When every entry has been read, print each one back exactly.

[Records from a data collection]

*** Block opens ***

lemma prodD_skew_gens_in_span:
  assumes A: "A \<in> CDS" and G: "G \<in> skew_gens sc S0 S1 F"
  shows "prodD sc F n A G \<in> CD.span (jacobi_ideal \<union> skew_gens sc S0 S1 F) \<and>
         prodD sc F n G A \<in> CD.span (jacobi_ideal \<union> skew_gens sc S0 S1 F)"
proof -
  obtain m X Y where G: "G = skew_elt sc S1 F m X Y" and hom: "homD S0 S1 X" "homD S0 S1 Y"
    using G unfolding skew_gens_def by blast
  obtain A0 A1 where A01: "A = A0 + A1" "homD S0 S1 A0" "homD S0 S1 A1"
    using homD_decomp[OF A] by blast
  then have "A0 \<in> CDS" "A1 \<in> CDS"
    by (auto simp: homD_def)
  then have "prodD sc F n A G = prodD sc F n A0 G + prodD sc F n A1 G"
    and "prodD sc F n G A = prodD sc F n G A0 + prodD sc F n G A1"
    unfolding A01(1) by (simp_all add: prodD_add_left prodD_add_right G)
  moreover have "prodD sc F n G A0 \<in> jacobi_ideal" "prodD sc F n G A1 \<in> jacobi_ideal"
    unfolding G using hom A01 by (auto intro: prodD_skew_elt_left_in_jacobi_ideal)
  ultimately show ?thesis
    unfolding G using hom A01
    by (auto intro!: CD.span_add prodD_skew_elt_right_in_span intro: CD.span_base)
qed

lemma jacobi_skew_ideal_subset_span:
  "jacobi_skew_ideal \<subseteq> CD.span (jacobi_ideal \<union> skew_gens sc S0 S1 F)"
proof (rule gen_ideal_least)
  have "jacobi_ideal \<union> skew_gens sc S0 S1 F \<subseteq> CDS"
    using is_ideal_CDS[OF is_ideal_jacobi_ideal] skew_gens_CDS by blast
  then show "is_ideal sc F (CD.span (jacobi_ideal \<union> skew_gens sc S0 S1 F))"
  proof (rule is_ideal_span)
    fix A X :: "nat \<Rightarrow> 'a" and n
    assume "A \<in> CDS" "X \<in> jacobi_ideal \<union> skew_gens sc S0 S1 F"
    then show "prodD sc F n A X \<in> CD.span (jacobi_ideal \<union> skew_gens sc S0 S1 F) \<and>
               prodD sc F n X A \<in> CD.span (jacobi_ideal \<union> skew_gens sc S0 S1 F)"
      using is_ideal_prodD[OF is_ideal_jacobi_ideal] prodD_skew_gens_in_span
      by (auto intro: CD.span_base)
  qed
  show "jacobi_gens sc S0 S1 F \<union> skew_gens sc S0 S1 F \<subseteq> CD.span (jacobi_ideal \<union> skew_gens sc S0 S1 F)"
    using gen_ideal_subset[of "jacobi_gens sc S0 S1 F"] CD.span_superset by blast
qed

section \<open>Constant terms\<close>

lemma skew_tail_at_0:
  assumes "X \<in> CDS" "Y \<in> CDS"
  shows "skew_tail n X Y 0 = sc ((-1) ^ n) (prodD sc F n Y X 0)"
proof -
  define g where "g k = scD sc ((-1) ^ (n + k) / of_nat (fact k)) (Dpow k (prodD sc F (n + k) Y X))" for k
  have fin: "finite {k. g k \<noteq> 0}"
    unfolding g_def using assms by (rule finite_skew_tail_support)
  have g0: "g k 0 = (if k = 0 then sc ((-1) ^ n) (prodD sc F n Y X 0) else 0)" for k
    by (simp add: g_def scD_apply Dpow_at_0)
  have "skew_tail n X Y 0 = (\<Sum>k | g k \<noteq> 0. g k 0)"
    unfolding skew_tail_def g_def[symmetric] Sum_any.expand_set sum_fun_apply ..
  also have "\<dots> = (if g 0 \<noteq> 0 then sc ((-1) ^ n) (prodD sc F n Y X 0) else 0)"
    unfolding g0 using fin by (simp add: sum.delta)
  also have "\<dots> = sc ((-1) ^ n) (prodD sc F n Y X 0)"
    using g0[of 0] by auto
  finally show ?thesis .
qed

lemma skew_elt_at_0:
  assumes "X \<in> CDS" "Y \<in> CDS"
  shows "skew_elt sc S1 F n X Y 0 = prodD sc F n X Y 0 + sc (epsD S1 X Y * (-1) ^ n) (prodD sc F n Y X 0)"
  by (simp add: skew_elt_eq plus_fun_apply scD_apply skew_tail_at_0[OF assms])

*** Block closes ***

• Written answer
lemma prodD_skew_gens_in_span:
  assumes A: "A \<in> CDS" and G: "G \<in> skew_gens sc S0 S1 F"
  shows "prodD sc F n A G \<in> CD.span (jacobi_ideal \<union> skew_gens sc S0 S1 F) \<and>
         prodD sc F n G A \<in> CD.span (jacobi_ideal \<union> skew_gens sc S0 S1 F)"
proof -
  obtain m X Y where G: "G = skew_elt sc S1 F m X Y" and hom: "homD S0 S1 X" "homD S0 S1 Y"
    using G unfolding skew_gens_def by blast
  obtain A0 A1 where A01: "A = A0 + A1" "homD S0 S1 A0" "homD S0 S1 A1"
    using homD_decomp[OF A] by blast
  then have "A0 \<in> CDS" "A1 \<in> CDS"
    by (auto simp: homD_def)
  then have "prodD sc F n A G = prodD sc F n A0 G + prodD sc F n A1 G"
    and "prodD sc F n G A = prodD sc F n G A0 + prodD sc F n G A1"
    unfolding A01(1) by (simp_all add: prodD_add_left prodD_add_right G)
  moreover have "prodD sc F n G A0 \<in> jacobi_ideal" "prodD sc F n G A1 \<in> jacobi_ideal"
    unfolding G using hom A01 by (auto intro: prodD_skew_elt_left_in_jacobi_ideal)
  ultimately show ?thesis
    unfolding G using hom A01
    by (auto intro!: CD.span_add prodD_skew_elt_right_in_span intro: CD.span_base)
qed

lemma jacobi_skew_ideal_subset_span:
  "jacobi_skew_ideal \<subseteq> CD.span (jacobi_ideal \<union> skew_gens sc S0 S1 F)"
proof (rule gen_ideal_least)
  have "jacobi_ideal \<union> skew_gens sc S0 S1 F \<subseteq> CDS"
    using is_ideal_CDS[OF is_ideal_jacobi_ideal] skew_gens_CDS by blast
  then show "is_ideal sc F (CD.span (jacobi_ideal \<union> skew_gens sc S0 S1 F))"
  proof (rule is_ideal_span)
    fix A X :: "nat \<Rightarrow> 'a" and n
    assume "A \<in> CDS" "X \<in> jacobi_ideal \<union> skew_gens sc S0 S1 F"
    then show "prodD sc F n A X \<in> CD.span (jacobi_ideal \<union> skew_gens sc S0 S1 F) \<and>
               prodD sc F n X A \<in> CD.span (jacobi_ideal \<union> skew_gens sc S0 S1 F)"
      using is_ideal_prodD[OF is_ideal_jacobi_ideal] prodD_skew_gens_in_span
      by (auto intro: CD.span_base)
  qed
  show "jacobi_gens sc S0 S1 F \<union> skew_gens sc S0 S1 F \<subseteq> CD.span (jacobi_ideal \<union> skew_gens sc S0 S1 F)"
    using gen_ideal_subset[of "jacobi_gens sc S0 S1 F"] CD.span_superset by blast
qed

section \<open>Constant terms\<close>

lemma skew_tail_at_0:
  assumes "X \<in> CDS" "Y \<in> CDS"
  shows "skew_tail n X Y 0 = sc ((-1) ^ n) (prodD sc F n Y X 0)"
proof -
  define g where "g k = scD sc ((-1) ^ (n + k) / of_nat (fact k)) (Dpow k (prodD sc F (n + k) Y X))" for k
  have fin: "finite {k. g k \<noteq> 0}"
    unfolding g_def using assms by (rule finite_skew_tail_support)
  have g0: "g k 0 = (if k = 0 then sc ((-1) ^ n) (prodD sc F n Y X 0) else 0)" for k
    by (simp add: g_def scD_apply Dpow_at_0)
  have "skew_tail n X Y 0 = (\<Sum>k | g k \<noteq> 0. g k 0)"
    unfolding skew_tail_def g_def[symmetric] Sum_any.expand_set sum_fun_apply ..
  also have "\<dots> = (if g 0 \<noteq> 0 then sc ((-1) ^ n) (prodD sc F n Y X 0) else 0)"
    unfolding g0 using fin by (simp add: sum.delta)
  also have "\<dots> = sc ((-1) ^ n) (prodD sc F n Y X 0)"
    using g0[of 0] by auto
  finally show ?thesis .
qed

lemma skew_elt_at_0:
  assumes "X \<in> CDS" "Y \<in> CDS"
  shows "skew_elt sc S1 F n X Y 0 = prodD sc F n X Y 0 + sc (epsD S1 X Y * (-1) ^ n) (prodD sc F n Y X 0)"
  by (simp add: skew_elt_eq plus_fun_apply scD_apply skew_tail_at_0[OF assms])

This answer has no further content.